How to breed Melanotaenia parva, a Critically Endangered rainbowfish from Lake Kurumoi, West Papua; a pairing plant-spawner laying adhesive eggs on fine vegetation.

Overview

Melanotaenia parva is a rainbowfish endemic to Lake Kurumoi in the Yakati River watershed of West Papua, Indonesia, sitting at around 400 m elevation in a lake without visible natural drainage according to FishBase. It reaches about 6.7 cm standard length. FishBase lists it as Critically Endangered on the IUCN Red List (assessed 2019), which makes captive breeding particularly valuable.

Sexing

As in other Melanotaenia, males are the larger and more intensely coloured sex, deepening in body and colour with maturity, while females remain plainer. A male can be set up with one or more females for spawning.

Conditioning

FishBase records a trophic level of about 2.9, consistent with an omnivorous diet. Conditioning the adults on a varied diet of small live, frozen and prepared foods readies them for spawning.

Breeding Setup

FishBase notes distinct pairing during reproduction for this species. Like other rainbowfish it spawns over fine-leaved plants or spawning mops that provide attachment for the adhesive eggs. The consulted source does not give specific captive temperature or pH figures, which are therefore omitted.

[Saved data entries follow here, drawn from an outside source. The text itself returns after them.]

(* Let $(M,g)$ be an asymptotically conic manifold of dimension $n\ge 3$, let $0<\lambda\le 3$, and let $K$ be an integral operator whose kernel satisfies, for all $m,m'\in M$, \[ |K(m,m')|\le C\frac{(xx')^{\frac{n-1}{2}}\big(\chi(\tfrac{x}{\lambda})+\chi(\tfrac{x'}{\lambda})\big)}{x+x'+\lambda},\qquad x=x(m),\ x'=x(m'). \] Then for $p \in [\frac{n}{2}, \frac{n+1}{2}]$ and $W_1, W_2 \in L^{2p}(M)$, the operator $W_1 K W_2$ is Hilbert–Schmidt and \[ \| W_1 K W_2 \|_{\mathcal{C}_2}\le C' \lambda^{-2+\frac{n}{p}} \| W_1 \|_{L^{2p}(M)}\| W_2 \|_{L^{2p}(M)}, \] where $C'$ depends on $C$, $p$, $\chi$ and $(M,g)$ but not on $\lambda$, $W_1$, $W_2$.
   Context: $(M,g)$ is asymptotically conic: $M$ is the interior of a compact manifold with boundary $\overline M$ and $x$ is a smooth boundary defining function on $\overline M$ (positive on $M$) such that outside a compact set $(M,g)$ is isometric to $(0,\epsilon_0)_x\times\partial\overline M$ with $g=\frac{dx^2}{x^4}+\frac{h(x)}{x^2}$, $h(x)$ a smooth family of metrics on $\partial\overline M$. $\chi\in C_0^\infty((-\varepsilon,\varepsilon),[0,\infty))$ with $\chi=1$ on $[-\varepsilon/2,\varepsilon/2]$, for a small fixed $\varepsilon>0$. $W_j$ act by multiplication; $\mathcal{C}_2$ is the Hilbert–Schmidt class, with $\|A\|_{\mathcal{C}_2}^2=\int\!\!\int|A(m,m')|^2dV_g(m)dV_g(m')$ for an integral operator $A$. *)

theory Defs
  imports "HOL-Analysis.Analysis"
begin

text \<open>Measure-theoretic model of an asymptotically conic manifold of dimension n.
  M is the Riemannian volume measure, x the boundary defining function.
  The collar (0,eps0) x Y (Y = boundary with a finite reference measure) is mapped
  injectively into M by Phi, with x(Phi(t,y)) = t, and the volume form there is
  t^(-n-1) rho(t,y) dt dY, rho bounded above and below by positive constants
  (rho = ratio of the volume densities of h(t) and the reference metric).
  The complement of the collar (a compact set) has finite volume and x is
  bounded above and below by positive constants there.\<close>

definition ac_structure ::
  "nat \<Rightarrow> 'm measure \<Rightarrow> ('m \<Rightarrow> real) \<Rightarrow> real \<Rightarrow> 'y measure
     \<Rightarrow> (real \<times> 'y \<Rightarrow> 'm) \<Rightarrow> (real \<times> 'y \<Rightarrow> real) \<Rightarrow> bool" where
  "ac_structure n M x eps0 Y Phi rho \<longleftrightarrow>
     sigma_finite_measure M \<and>
     x \<in> borel_measurable M \<and> (\<forall>m\<in>space M. 0 < x m) \<and>
     0 < eps0 \<and> finite_measure Y \<and>
     Phi \<in> (lborel \<Otimes>\<^sub>M Y) \<rightarrow>\<^sub>M M \<and>
     inj_on Phi ({0<..<eps0} \<times> space Y) \<and>
     Phi ` ({0<..<eps0} \<times> space Y) \<in> sets M \<and>
     (\<forall>t\<in>{0<..<eps0}. \<forall>y\<in>space Y. x (Phi (t, y)) = t) \<and>
     rho \<in> borel_measurable (lborel \<Otimes>\<^sub>M Y) \<and>
     (\<exists>c1 c2. 0 < c1 \<and> (\<forall>t\<in>{0<..<eps0}. \<forall>y\<in>space Y.
                c1 \<le> rho (t, y) \<and> rho (t, y) \<le> c2)) \<and>
     (\<forall>A\<in>sets M. emeasure M (A \<inter> Phi ` ({0<..<eps0} \<times> space Y)) =
        (\<integral>\<^sup>+ z. indicator ({0<..<eps0} \<times> space Y) z * indicator A (Phi z)
              * ennreal (fst z powr (- real (n + 1)) * rho z) \<partial>(lborel \<Otimes>\<^sub>M Y))) \<and>
     emeasure M (space M - Phi ` ({0<..<eps0} \<times> space Y)) < \<infinity> \<and>
     (\<exists>c B. 0 < c \<and> (\<forall>m\<in>space M - Phi ` ({0<..<eps0} \<times> space Y).
                c \<le> x m \<and> x m \<le> B))"

definition cutoff :: "real \<Rightarrow> (real \<Rightarrow> real) \<Rightarrow> bool" where
  "cutoff eps chi \<longleftrightarrow> 0 < eps \<and>
     (\<forall>k t. (deriv ^^ k) chi differentiable (at t)) \<and>
     (\<exists>d. 0 < d \<and> d < eps \<and> (\<forall>t. d \<le> \<bar>t\<bar> \<longrightarrow> chi t = 0)) \<and>
     (\<forall>t. 0 \<le> chi t) \<and>
     (\<forall>t. \<bar>t\<bar> \<le> eps / 2 \<longrightarrow> chi t = 1)"

definition in_Lp :: "'m measure \<Rightarrow> real \<Rightarrow> ('m \<Rightarrow> complex) \<Rightarrow> bool" where
  "in_Lp M q W \<longleftrightarrow> W \<in> borel_measurable M \<and> integrable M (\<lambda>m. norm (W m) powr q)"

definition Lp_norm :: "'m measure \<Rightarrow> real \<Rightarrow> ('m \<Rightarrow> complex) \<Rightarrow> real" where
  "Lp_norm M q W = (\<integral>m. norm (W m) powr q \<partial>M) powr (1 / q)"

text \<open>An integral operator with kernel k is Hilbert-Schmidt iff k is in L^2(M x M);
  its Hilbert-Schmidt norm is the L^2 norm of the kernel.\<close>
definition hilbert_schmidt :: "'m measure \<Rightarrow> ('m \<times> 'm \<Rightarrow> complex) \<Rightarrow> bool" where
  "hilbert_schmidt M k \<longleftrightarrow> k \<in> borel_measurable (M \<Otimes>\<^sub>M M) \<and>
     integrable (M \<Otimes>\<^sub>M M) (\<lambda>z. (norm (k z))\<^sup>2)"

definition hs_norm :: "'m measure \<Rightarrow> ('m \<times> 'm \<Rightarrow> complex) \<Rightarrow> real" where
  "hs_norm M k = sqrt (\<integral>z. (norm (k z))\<^sup>2 \<partial>(M \<Otimes>\<^sub>M M))"

end

theory Submission
  imports Defs
begin

(* Bounding x + x' + lam from below by x' + lam and by x + lam and using (a + b)^2 <= 2a^2 + 2b^2,
   the kernel satisfies |K(m,m')|^2 <= 2 C^2 (F(x) G(x') + G(x) F(x')) with
   F(t) = t^(n-1) chi(t/lam)^2 and G(t) = t^(n-1) / (t + lam)^2.  The squared Hilbert-Schmidt norm
   of W1 K W2 is therefore bounded by products of the integrals of |W_i|^2 F(x) and |W_i|^2 G(x),
   and Hoelder's inequality with exponents p and q = p/(p-1) bounds each of these by
   ||W_i||_(2p)^2 times the L^q norm of F(x) or G(x).  In the collar the volume is comparable to
   t^(-n-1) dt dY, so ||F(x)||_q^q <~ lam^a and ||G(x)||_q^q <~ lam^(a-2q) with a = (n-1)q - n,
   which lies in (0, 2q) because n/3 < p < n; on the compact part x is bounded above and below,
   which costs only a constant since lam <= 3.  In the squared norm the powers of lam combine to
   lam^(2(n/p - 2)). *)

lemma nn_integral_Holder_le:
  fixes f g :: "'a \<Rightarrow> real"
  assumes [measurable]: "f \<in> borel_measurable M" "g \<in> borel_measurable M"
    and f0: "\<And>m. 0 \<le> f m" and g0: "\<And>m. 0 \<le> g m"
    and p: "1 < p" and q: "1 < q" and pq: "1/p + 1/q = 1"
    and A: "(\<integral>\<^sup>+ m. f m powr p \<partial>M) \<le> ennreal A"
    and B: "(\<integral>\<^sup>+ m. g m powr q \<partial>M) \<le> ennreal B"
  shows "(\<integral>\<^sup>+ m. f m * g m \<partial>M) \<le> ennreal (A powr (1/p) * B powr (1/q))"
proof (cases "0 < A \<and> 0 < B")
  case False
  then have "AE m in M. f m powr p = 0 \<or> g m powr q = 0"
    using A B by (auto simp: nn_integral_0_iff_AE ennreal_neg elim: eventually_mono)
  then have "AE m in M. f m * g m = 0"
    by eventually_elim auto
  then have "(\<integral>\<^sup>+ m. f m * g m \<partial>M) = 0"
    by (subst nn_integral_0_iff_AE) (auto elim: eventually_mono)
  then show ?thesis by simp
next
  case True
  define a where "a = A powr (1/p)"
  define b where "b = B powr (1/q)"
  have a: "0 < a" "a powr p = A" and b: "0 < b" "b powr q = B"
    using True p q by (auto simp: a_def b_def powr_powr)
  have Young: "f m * g m \<le> a * b / (p * A) * f m powr p + a * b / (q * B) * g m powr q" for m
  proof -
    have "(f m / a) * (g m / b) \<le> (f m / a) powr p / p + (g m / b) powr q / q"
      using f0 g0 a b by (intro Youngs_inequality p q pq) auto
    then show ?thesis
      using a b f0[of m] g0[of m] True p q by (simp add: powr_divide field_simps)
  qed
  have "(\<integral>\<^sup>+ m. f m * g m \<partial>M)
      \<le> (\<integral>\<^sup>+ m. ennreal (a * b / (p * A)) * f m powr p + ennreal (a * b / (q * B)) * g m powr q \<partial>M)"
    using Young a b True p q
    by (intro nn_integral_mono)
      (simp add: ennreal_mult'[symmetric] ennreal_plus[symmetric] del: ennreal_plus)
  also have "\<dots> = ennreal (a * b / (p * A)) * (\<integral>\<^sup>+ m. f m powr p \<partial>M)
      + ennreal (a * b / (q * B)) * (\<integral>\<^sup>+ m. g m powr q \<partial>M)"
    by (simp add: nn_integral_add nn_integral_cmult)
  also have "\<dots> \<le> ennreal (a * b / (p * A)) * ennreal A + ennreal (a * b / (q * B)) * ennreal B"
    by (intro add_mono mult_left_mono A B) auto
  also have "\<dots> = ennreal (a * b * (1/p + 1/q))"
    using a b True p q
    by (simp add: ennreal_mult[symmetric] ennreal_plus[symmetric] field_simps del: ennreal_plus)
  finally show ?thesis by (simp add: pq a_def b_def)
qed

lemma nn_integral_pair_measure_mult:
  assumes "sigma_finite_measure N"
    and [measurable]: "u \<in> borel_measurable M" "v \<in> borel_measurable N"
  shows "(\<integral>\<^sup>+ z. u (fst z) * v (snd z) \<partial>(M \<Otimes>\<^sub>M N)) = (\<integral>\<^sup>+ m. u m \<partial>M) * (\<integral>\<^sup>+ m. v m \<partial>N)"
proof -
  interpret N: sigma_finite_measure N by (rule assms)
  have "(\<integral>\<^sup>+ z. u (fst z) * v (snd z) \<partial>(M \<Otimes>\<^sub>M N)) = (\<integral>\<^sup>+ m. \<integral>\<^sup>+ m'. u m * v m' \<partial>N \<partial>M)"
    by (subst N.nn_integral_fst[symmetric]) auto
  also have "\<dots> = (\<integral>\<^sup>+ m. u m \<partial>M) * (\<integral>\<^sup>+ m. v m \<partial>N)"
    by (simp add: nn_integral_cmult nn_integral_multc)
  finally show ?thesis .
qed

lemma nn_integral_sq_weighted_le:
  fixes W :: "'m \<Rightarrow> complex" and F :: "'m \<Rightarrow> real"
  assumes W: "in_Lp M (2 * p) W"
    and p: "1 < p" and q: "1 < q" and pq: "1/p + 1/q = 1"
    and [measurable]: "F \<in> borel_measurable M" and F0: "\<And>m. 0 \<le> F m"
    and a: "(\<integral>\<^sup>+ m. F m powr q \<partial>M) \<le> ennreal a"
  shows "(\<integral>\<^sup>+ m. (norm (W m))\<^sup>2 * F m \<partial>M) \<le> ennreal ((Lp_norm M (2 * p) W)\<^sup>2 * a powr (1/q))"
proof -
  define A where "A = (\<integral>m. norm (W m) powr (2 * p) \<partial>M)"
  have [measurable]: "W \<in> borel_measurable M" and int: "integrable M (\<lambda>m. norm (W m) powr (2 * p))"
    using W by (auto simp: in_Lp_def)
  have "(\<integral>\<^sup>+ m. ((norm (W m))\<^sup>2) powr p \<partial>M) = (\<integral>\<^sup>+ m. norm (W m) powr (2 * p) \<partial>M)"
    using p by (intro nn_integral_cong) (simp add: powr_powr flip: powr_numeral)
  also have "\<dots> = ennreal A"
    unfolding A_def by (rule nn_integral_eq_integral[OF int]) auto
  finally have "(\<integral>\<^sup>+ m. (norm (W m))\<^sup>2 * F m \<partial>M) \<le> ennreal (A powr (1/p) * a powr (1/q))"
    using nn_integral_Holder_le[OF _ _ _ F0 p q pq _ a] by simp
  also have "A powr (1/p) = (Lp_norm M (2 * p) W)\<^sup>2"
    by (simp add: Lp_norm_def A_def power2_eq_square flip: powr_add)
  finally show ?thesis .
qed

lemma hilbert_schmidt_if_nn_integral_le:
  assumes [measurable]: "k \<in> borel_measurable (M \<Otimes>\<^sub>M M)"
    and R: "(\<integral>\<^sup>+ z. (norm (k z))\<^sup>2 \<partial>(M \<Otimes>\<^sub>M M)) \<le> ennreal R" and "0 \<le> R"
  shows "hilbert_schmidt M k \<and> hs_norm M k \<le> sqrt R"
proof
  show "hilbert_schmidt M k"
    using R by (auto simp: hilbert_schmidt_def integrable_iff_bounded intro: le_less_trans)
  have "(\<integral>z. (norm (k z))\<^sup>2 \<partial>(M \<Otimes>\<^sub>M M)) = enn2real (\<integral>\<^sup>+ z. (norm (k z))\<^sup>2 \<partial>(M \<Otimes>\<^sub>M M))"
    by (rule integral_eq_nn_integral) auto
  also have "\<dots> \<le> R"
    using \<open>0 \<le> R\<close> R by (rule enn2real_leI)
  finally show "hs_norm M k \<le> sqrt R"
    by (simp add: hs_norm_def)
qed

Spawning Behavior & Trigger

FishBase describes the species as forming distinct pairs during reproduction. In the genus the female releases adhesive eggs that attach to plants over a period, rather than scattering all eggs at once; eggs released over successive days are typical of Melanotaenia rainbowfish.

Egg & Fry Care

The adhesive eggs hang on the spawning medium and can be moved to a separate container to protect them. Newly hatched rainbowfish fry are very small and need fine first foods such as infusoria or commercial fry food before Artemia nauplii. Specific incubation and fry data for this species are not given in the consulted source and are therefore omitted.

Common Challenges

Because the species is Critically Endangered with a single tiny natural range, maintaining a genetically diverse captive population is important. The usual rainbowfish bottleneck of tiny first-feeding fry applies, requiring very small live or prepared foods.